Gottlieb’s opened in 1962 by a Holocaust survivor from Hungary. Its attention to the strict requirements of Glatt kosher food, including having constant supervision by what is called a “mashgiach,” has contributed to the restaurant becoming a dependable and beloved fixture in the neighborhood, part of the insulated Orthodox community of Williamsburg.
The restaurant resembles closely the way it looked when it first opened almost 60 years ago. The establishment can accommodate 50 diners, who seem quite satisfied with the offerings that have been on the menu since the beginning.
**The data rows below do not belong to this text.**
(* The topological realization $|\mathbb G|$ of the projective Fraïssé limit $\mathbb G$ of the class $\mathcal G$ of finite connected graphs with confluent epimorphisms is a Kelley continuum.
   Context: A graph is a pair $A=(V(A),E(A))$ with $E(A)\subseteq V(A)^2$ reflexive and symmetric. A topological graph is a graph whose vertex set is a compact, second countable, zero-dimensional space and whose edge set is closed. A homomorphism maps edges to edges; an epimorphism is a (continuous) homomorphism surjective on vertices and on edges. A subset $S$ of the vertex set is disconnected if there are nonempty closed subsets $P,Q$ of $S$ with $P\cup Q=S$ and no edge between $P$ and $Q$; otherwise connected; components are maximal connected subsets. An epimorphism $f\colon A\to B$ is confluent if for every connected $Q\subseteq V(B)$ and every component $C$ of $f^{-1}(Q)$, $f(C)=Q$. $\mathcal G$ is the class of finite connected graphs with confluent epimorphisms (a projective Fraïssé class), and $\mathbb G$ is its projective Fraïssé limit: the unique topological graph such that (1) every $A\in\mathcal G$ is the image of a confluent epimorphism from $\mathbb G$; (2) for $A,B\in\mathcal G$ and confluent epimorphisms $f\colon\mathbb G\to A$, $g\colon B\to A$ there is a confluent epimorphism $h\colon\mathbb G\to B$ with $f=g\circ h$; (3) for every $\varepsilon>0$ there is a confluent epimorphism from $\mathbb G$ onto some $A\in\mathcal G$ whose point-preimages have diameter $<\varepsilon$. The edge relation of $\mathbb G$ is an equivalence relation, and the topological realization $|\mathbb G|$ is the quotient space $V(\mathbb G)/E(\mathbb G)$. A continuum $X$ is Kelley if for every subcontinuum $K$, every $p\in K$ and every sequence $p_n\to p$ in $X$ there are subcontinua $K_n\ni p_n$ with $K_n\to K$ in the Hausdorff metric. *)

theory Defs
  imports "HOL-Analysis.Analysis"
begin

text \<open>A (topological) graph is given by a topology T (vertex set = topspace T)
  and an edge set E.  Finite graphs carry the discrete topology.\<close>

definition graph :: "'a set \<Rightarrow> ('a \<times> 'a) set \<Rightarrow> bool" where
  "graph V E \<longleftrightarrow> E \<subseteq> V \<times> V \<and> (\<forall>x\<in>V. (x, x) \<in> E) \<and> (\<forall>x y. (x, y) \<in> E \<longrightarrow> (y, x) \<in> E)"

definition gdisconnected :: "'a topology \<Rightarrow> ('a \<times> 'a) set \<Rightarrow> 'a set \<Rightarrow> bool" where
  "gdisconnected T E S \<longleftrightarrow>
     (\<exists>P Q. P \<noteq> {} \<and> Q \<noteq> {} \<and> closedin (subtopology T S) P \<and> closedin (subtopology T S) Q \<and>
            P \<union> Q = S \<and> (\<forall>p\<in>P. \<forall>q\<in>Q. (p, q) \<notin> E))"

definition gconnected :: "'a topology \<Rightarrow> ('a \<times> 'a) set \<Rightarrow> 'a set \<Rightarrow> bool" where
  "gconnected T E S \<longleftrightarrow> S \<subseteq> topspace T \<and> \<not> gdisconnected T E S"

definition gcomponent :: "'a topology \<Rightarrow> ('a \<times> 'a) set \<Rightarrow> 'a set \<Rightarrow> 'a set \<Rightarrow> bool" where
  "gcomponent T E X C \<longleftrightarrow> C \<subseteq> X \<and> gconnected T E C \<and>
     (\<forall>C'. C \<subseteq> C' \<and> C' \<subseteq> X \<and> gconnected T E C' \<longrightarrow> C' = C)"

definition epimorphism :: "'a topology \<Rightarrow> ('a \<times> 'a) set \<Rightarrow> 'b topology \<Rightarrow> ('b \<times> 'b) set \<Rightarrow> ('a \<Rightarrow> 'b) \<Rightarrow> bool" where
  "epimorphism T1 E1 T2 E2 f \<longleftrightarrow>
     continuous_map T1 T2 f \<and>
     (\<forall>x y. (x, y) \<in> E1 \<longrightarrow> (f x, f y) \<in> E2) \<and>
     f ` topspace T1 = topspace T2 \<and>
     (\<forall>a b. (a, b) \<in> E2 \<longrightarrow> (\<exists>x y. (x, y) \<in> E1 \<and> f x = a \<and> f y = b))"

definition confluent :: "'a topology \<Rightarrow> ('a \<times> 'a) set \<Rightarrow> 'b topology \<Rightarrow> ('b \<times> 'b) set \<Rightarrow> ('a \<Rightarrow> 'b) \<Rightarrow> bool" where
  "confluent T1 E1 T2 E2 f \<longleftrightarrow> epimorphism T1 E1 T2 E2 f \<and>
     (\<forall>Q C. gconnected T2 E2 Q \<and> gcomponent T1 E1 {x \<in> topspace T1. f x \<in> Q} C \<longrightarrow> f ` C = Q)"

text \<open>The class \<G>: finite nonempty connected graphs; w.l.o.g. with vertices in nat
  (every finite graph is isomorphic to one of these, and all notions are isomorphism invariant).\<close>
definition in_G :: "nat set \<Rightarrow> (nat \<times> nat) set \<Rightarrow> bool" where
  "in_G V E \<longleftrightarrow> finite V \<and> V \<noteq> {} \<and> graph V E \<and> gconnected (discrete_topology V) E V"

definition mdiam :: "('a \<Rightarrow> 'a \<Rightarrow> real) \<Rightarrow> 'a set \<Rightarrow> real" where
  "mdiam d S = (if S = {} then 0 else Sup {d x y |x y. x \<in> S \<and> y \<in> S})"

text \<open>A topological graph: vertex space compact, second countable, zero-dimensional,
  here given through a compatible metric d on M (needed to speak of diameters in (3));
  edge set closed.\<close>
definition topological_graph :: "'a set \<Rightarrow> ('a \<Rightarrow> 'a \<Rightarrow> real) \<Rightarrow> ('a \<times> 'a) set \<Rightarrow> bool" where
  "topological_graph M d E \<longleftrightarrow>
     Metric_space M d \<and>
     compact_space (Metric_space.mtopology M d) \<and>
     second_countable (Metric_space.mtopology M d) \<and>
     (\<forall>U x. openin (Metric_space.mtopology M d) U \<and> x \<in> U \<longrightarrow>
        (\<exists>W. openin (Metric_space.mtopology M d) W \<and> closedin (Metric_space.mtopology M d) W \<and> x \<in> W \<and> W \<subseteq> U)) \<and>
     graph M E \<and>
     closedin (prod_topology (Metric_space.mtopology M d) (Metric_space.mtopology M d)) E"

definition fraisse_limit_G :: "'a set \<Rightarrow> ('a \<Rightarrow> 'a \<Rightarrow> real) \<Rightarrow> ('a \<times> 'a) set \<Rightarrow> bool" where
  "fraisse_limit_G M d E \<longleftrightarrow>
     topological_graph M d E \<and>
     \<comment> \<open>(1) projective universality\<close>
     (\<forall>VA EA. in_G VA EA \<longrightarrow>
        (\<exists>f. confluent (Metric_space.mtopology M d) E (discrete_topology VA) EA f)) \<and>
     \<comment> \<open>(2) projective extension property\<close>
     (\<forall>VA EA VB EB f g. in_G VA EA \<and> in_G VB EB \<and>
        confluent (Metric_space.mtopology M d) E (discrete_topology VA) EA f \<and>
        confluent (discrete_topology VB) EB (discrete_topology VA) EA g \<longrightarrow>
        (\<exists>h. confluent (Metric_space.mtopology M d) E (discrete_topology VB) EB h \<and>
             (\<forall>x\<in>M. f x = g (h x)))) \<and>
     \<comment> \<open>(3) fine approximations\<close>
     (\<forall>\<epsilon>>0. \<exists>VA EA f. in_G VA EA \<and>
        confluent (Metric_space.mtopology M d) E (discrete_topology VA) EA f \<and>
        (\<forall>a\<in>VA. mdiam d {x \<in> M. f x = a} < \<epsilon>))"

definition eclass :: "'a set \<Rightarrow> ('a \<times> 'a) set \<Rightarrow> 'a \<Rightarrow> 'a set" where
  "eclass V E x = {y \<in> V. (x, y) \<in> E}"

text \<open>Quotient topology of V(G)/E(G) (E(G) is an equivalence relation): U is open iff
  its preimage under the class map is open.\<close>
definition realization_open :: "'a topology \<Rightarrow> ('a \<times> 'a) set \<Rightarrow> 'a set set \<Rightarrow> bool" where
  "realization_open T E U \<longleftrightarrow> U \<subseteq> eclass (topspace T) E ` topspace T \<and>
      openin T {x \<in> topspace T. eclass (topspace T) E x \<in> U}"

definition realization :: "'a topology \<Rightarrow> ('a \<times> 'a) set \<Rightarrow> 'a set topology" where
  "realization T E = topology (realization_open T E)"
“We have microwaves now,” said Menashe Gottlieb, a grandson of the founder Zoltan Gottlieb. Even though he added that they don’t ever use them.
There menu is filled with the food of Eastern Europe, such as kugels, goulash, stuffed cabbage and one of the most popular items on the menu—matzo ball soup. There are some Hungarian specialties too, like cherry soup, and deli offerings such as humongous stuffed pastrami knishes.
Take you tummy down to Hasidic Williamsburg for an authentic gastronomic trip back in time to the days when the neighborhood was strictly Glatt kosher.